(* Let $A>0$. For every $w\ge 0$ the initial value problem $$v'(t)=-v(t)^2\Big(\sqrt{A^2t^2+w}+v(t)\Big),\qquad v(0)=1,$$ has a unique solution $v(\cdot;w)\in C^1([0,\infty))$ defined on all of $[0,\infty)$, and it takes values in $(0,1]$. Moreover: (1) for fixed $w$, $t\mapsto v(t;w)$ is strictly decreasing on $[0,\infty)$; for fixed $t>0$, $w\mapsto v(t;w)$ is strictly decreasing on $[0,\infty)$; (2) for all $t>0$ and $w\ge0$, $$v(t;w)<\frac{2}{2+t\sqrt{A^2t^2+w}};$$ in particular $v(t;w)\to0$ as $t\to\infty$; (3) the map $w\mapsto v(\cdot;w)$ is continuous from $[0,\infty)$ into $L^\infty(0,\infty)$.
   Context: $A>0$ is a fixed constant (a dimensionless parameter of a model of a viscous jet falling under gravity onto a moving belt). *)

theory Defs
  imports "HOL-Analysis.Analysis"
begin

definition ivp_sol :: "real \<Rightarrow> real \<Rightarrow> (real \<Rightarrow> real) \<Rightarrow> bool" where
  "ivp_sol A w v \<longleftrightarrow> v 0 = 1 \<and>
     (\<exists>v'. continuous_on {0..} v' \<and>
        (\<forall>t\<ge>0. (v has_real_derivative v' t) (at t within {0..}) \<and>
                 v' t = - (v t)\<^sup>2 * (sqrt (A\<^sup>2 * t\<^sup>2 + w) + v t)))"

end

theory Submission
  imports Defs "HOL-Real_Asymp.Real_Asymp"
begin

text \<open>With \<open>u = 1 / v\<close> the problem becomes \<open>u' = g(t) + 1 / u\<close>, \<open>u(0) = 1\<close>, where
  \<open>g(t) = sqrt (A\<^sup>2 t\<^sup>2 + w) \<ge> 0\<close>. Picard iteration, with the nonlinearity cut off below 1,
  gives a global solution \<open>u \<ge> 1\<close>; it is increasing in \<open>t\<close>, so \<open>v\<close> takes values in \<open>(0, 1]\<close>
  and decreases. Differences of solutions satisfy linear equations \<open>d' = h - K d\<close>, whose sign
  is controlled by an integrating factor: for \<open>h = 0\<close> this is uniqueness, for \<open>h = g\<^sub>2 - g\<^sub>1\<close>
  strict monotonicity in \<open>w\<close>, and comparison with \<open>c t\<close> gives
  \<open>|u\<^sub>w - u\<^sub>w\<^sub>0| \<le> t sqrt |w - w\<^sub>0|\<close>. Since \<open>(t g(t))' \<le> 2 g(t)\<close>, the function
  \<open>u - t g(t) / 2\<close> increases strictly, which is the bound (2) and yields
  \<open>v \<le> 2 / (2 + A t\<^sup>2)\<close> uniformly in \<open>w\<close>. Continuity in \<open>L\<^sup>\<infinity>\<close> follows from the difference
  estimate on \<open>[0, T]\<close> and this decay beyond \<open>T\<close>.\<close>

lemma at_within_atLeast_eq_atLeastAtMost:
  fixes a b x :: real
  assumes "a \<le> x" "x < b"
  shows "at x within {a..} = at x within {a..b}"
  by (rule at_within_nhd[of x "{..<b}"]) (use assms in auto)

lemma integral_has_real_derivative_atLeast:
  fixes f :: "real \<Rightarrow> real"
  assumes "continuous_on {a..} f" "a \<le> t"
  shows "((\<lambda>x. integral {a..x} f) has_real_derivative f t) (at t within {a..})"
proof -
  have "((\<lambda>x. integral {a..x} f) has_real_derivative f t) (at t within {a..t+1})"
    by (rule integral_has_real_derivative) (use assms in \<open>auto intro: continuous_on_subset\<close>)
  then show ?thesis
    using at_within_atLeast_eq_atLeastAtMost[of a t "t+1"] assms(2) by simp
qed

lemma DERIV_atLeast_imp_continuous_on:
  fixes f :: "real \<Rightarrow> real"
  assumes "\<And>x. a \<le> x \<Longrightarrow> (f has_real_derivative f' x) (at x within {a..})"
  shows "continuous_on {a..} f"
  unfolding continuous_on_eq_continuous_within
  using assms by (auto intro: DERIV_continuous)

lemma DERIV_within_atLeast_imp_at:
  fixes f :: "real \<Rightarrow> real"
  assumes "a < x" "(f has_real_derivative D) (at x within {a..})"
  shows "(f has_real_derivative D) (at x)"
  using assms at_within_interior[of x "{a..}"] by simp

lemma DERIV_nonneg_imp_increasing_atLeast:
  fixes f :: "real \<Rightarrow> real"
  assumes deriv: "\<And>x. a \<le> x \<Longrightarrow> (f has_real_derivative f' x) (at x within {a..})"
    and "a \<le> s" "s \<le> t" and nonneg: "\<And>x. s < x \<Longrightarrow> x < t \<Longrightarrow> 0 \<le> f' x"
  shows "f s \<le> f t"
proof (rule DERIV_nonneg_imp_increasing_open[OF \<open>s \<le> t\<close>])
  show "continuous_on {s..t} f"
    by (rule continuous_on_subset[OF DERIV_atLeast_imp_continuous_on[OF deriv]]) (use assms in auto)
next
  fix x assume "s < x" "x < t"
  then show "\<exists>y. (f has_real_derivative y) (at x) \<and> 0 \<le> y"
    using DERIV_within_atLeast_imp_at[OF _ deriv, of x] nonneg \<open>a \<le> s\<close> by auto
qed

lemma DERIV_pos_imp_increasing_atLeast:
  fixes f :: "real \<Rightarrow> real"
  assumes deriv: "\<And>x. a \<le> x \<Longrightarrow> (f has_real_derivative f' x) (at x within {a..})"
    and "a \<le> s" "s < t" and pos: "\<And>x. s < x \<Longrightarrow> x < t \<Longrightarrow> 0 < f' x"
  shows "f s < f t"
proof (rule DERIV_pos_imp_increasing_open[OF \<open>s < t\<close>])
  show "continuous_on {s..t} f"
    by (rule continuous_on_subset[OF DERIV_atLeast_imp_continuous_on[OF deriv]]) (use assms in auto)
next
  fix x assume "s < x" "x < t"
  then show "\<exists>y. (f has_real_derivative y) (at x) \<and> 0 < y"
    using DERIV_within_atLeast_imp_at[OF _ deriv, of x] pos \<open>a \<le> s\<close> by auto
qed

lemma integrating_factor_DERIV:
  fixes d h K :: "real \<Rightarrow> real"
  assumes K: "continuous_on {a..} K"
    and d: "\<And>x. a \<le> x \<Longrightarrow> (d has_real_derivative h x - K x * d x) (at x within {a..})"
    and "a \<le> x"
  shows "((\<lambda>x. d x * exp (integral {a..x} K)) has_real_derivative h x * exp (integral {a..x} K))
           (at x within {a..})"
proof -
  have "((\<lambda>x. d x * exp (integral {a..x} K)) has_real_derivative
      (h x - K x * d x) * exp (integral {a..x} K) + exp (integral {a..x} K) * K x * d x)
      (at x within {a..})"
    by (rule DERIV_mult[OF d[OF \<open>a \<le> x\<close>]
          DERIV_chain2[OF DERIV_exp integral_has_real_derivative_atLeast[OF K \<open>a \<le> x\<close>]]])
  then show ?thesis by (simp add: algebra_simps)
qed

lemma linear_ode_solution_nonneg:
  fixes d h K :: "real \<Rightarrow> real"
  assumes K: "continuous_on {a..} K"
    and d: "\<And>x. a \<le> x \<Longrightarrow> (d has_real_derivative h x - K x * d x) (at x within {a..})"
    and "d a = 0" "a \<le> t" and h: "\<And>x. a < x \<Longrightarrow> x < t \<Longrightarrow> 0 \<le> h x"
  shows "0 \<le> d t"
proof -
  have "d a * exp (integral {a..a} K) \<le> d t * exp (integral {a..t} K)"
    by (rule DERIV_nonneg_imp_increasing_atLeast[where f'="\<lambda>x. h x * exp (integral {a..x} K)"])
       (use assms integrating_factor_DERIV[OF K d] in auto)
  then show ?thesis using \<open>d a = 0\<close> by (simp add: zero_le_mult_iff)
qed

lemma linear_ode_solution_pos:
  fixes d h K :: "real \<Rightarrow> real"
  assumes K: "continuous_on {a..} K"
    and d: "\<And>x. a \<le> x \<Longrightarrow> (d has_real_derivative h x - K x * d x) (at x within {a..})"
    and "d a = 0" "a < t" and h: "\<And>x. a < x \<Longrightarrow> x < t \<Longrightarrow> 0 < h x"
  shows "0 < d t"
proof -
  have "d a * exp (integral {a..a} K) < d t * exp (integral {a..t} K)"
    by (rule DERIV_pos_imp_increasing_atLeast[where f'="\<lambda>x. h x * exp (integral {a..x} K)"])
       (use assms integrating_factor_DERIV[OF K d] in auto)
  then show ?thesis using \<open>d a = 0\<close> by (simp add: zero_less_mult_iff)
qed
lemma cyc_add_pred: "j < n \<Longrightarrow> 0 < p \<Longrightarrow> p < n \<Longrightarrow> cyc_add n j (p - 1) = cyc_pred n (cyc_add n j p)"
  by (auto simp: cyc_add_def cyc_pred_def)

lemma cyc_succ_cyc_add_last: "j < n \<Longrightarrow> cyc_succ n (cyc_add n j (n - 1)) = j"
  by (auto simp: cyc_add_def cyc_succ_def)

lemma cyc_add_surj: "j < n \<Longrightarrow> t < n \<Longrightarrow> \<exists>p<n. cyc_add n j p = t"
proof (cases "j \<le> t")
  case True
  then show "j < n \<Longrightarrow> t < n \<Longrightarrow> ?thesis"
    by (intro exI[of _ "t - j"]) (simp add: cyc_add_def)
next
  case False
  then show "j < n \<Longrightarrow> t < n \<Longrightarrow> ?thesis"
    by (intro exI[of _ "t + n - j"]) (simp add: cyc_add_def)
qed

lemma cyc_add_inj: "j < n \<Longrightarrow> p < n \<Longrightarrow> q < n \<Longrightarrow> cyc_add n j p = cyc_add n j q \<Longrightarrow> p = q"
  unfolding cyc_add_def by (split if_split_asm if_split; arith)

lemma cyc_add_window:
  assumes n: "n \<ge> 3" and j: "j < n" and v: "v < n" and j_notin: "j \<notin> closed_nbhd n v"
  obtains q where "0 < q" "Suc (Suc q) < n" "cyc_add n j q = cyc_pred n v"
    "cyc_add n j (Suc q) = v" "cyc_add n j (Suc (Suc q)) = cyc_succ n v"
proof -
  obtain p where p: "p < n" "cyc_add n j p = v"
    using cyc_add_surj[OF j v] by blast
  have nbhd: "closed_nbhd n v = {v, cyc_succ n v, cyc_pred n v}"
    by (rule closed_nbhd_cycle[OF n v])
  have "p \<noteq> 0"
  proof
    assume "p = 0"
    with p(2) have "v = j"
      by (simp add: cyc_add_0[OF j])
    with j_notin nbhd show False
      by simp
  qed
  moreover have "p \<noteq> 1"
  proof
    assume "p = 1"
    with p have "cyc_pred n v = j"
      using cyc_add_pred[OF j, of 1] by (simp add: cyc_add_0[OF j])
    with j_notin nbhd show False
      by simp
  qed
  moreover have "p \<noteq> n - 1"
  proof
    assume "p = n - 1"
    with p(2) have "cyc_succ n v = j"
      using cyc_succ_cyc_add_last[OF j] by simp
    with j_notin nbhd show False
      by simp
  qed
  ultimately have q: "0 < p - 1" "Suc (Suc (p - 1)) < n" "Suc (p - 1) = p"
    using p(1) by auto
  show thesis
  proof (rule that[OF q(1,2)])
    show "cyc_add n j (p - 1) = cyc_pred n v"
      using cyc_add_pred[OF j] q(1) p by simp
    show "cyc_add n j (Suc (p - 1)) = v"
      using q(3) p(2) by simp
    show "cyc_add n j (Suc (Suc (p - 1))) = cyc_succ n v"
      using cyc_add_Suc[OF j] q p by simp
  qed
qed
++++
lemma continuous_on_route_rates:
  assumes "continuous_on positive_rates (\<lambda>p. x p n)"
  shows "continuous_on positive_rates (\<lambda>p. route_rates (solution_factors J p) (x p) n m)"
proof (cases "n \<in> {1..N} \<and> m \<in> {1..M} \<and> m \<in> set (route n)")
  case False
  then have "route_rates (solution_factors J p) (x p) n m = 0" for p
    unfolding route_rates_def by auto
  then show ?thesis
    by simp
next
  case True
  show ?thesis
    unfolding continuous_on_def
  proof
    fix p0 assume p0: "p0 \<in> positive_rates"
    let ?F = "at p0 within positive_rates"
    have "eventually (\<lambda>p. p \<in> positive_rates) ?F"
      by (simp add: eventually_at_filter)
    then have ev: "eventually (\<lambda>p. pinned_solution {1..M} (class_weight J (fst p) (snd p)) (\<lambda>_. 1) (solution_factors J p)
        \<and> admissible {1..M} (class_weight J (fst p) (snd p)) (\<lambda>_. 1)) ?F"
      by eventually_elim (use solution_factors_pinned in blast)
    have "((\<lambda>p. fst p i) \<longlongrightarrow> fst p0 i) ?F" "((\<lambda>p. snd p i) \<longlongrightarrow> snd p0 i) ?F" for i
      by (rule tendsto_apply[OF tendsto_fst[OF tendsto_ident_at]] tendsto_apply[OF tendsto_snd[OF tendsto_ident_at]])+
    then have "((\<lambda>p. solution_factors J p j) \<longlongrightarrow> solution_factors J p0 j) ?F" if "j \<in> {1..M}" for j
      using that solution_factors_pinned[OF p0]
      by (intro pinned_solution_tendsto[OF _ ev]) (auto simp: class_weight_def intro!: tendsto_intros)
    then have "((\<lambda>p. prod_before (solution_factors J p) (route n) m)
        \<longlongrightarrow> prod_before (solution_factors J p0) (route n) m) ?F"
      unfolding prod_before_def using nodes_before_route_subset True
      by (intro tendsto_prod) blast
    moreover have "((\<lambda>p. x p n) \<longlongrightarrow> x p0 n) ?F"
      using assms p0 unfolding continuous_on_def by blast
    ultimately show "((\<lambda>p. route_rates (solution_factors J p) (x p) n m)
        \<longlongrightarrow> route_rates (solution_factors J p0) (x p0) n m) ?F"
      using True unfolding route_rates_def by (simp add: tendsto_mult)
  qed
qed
++++
*Task objective*.
Show me each line of the listing above with "unfolding" in it.

*Response area*.
  unfolding continuous_on_eq_continuous_within
  unfolding cyc_add_def by (split if_split_asm if_split; arith)
    unfolding route_rates_def by auto
    unfolding continuous_on_def
      unfolding prod_before_def using nodes_before_route_subset True
      using assms p0 unfolding continuous_on_def by blast
      using True unfolding route_rates_def by (simp add: tendsto_mult)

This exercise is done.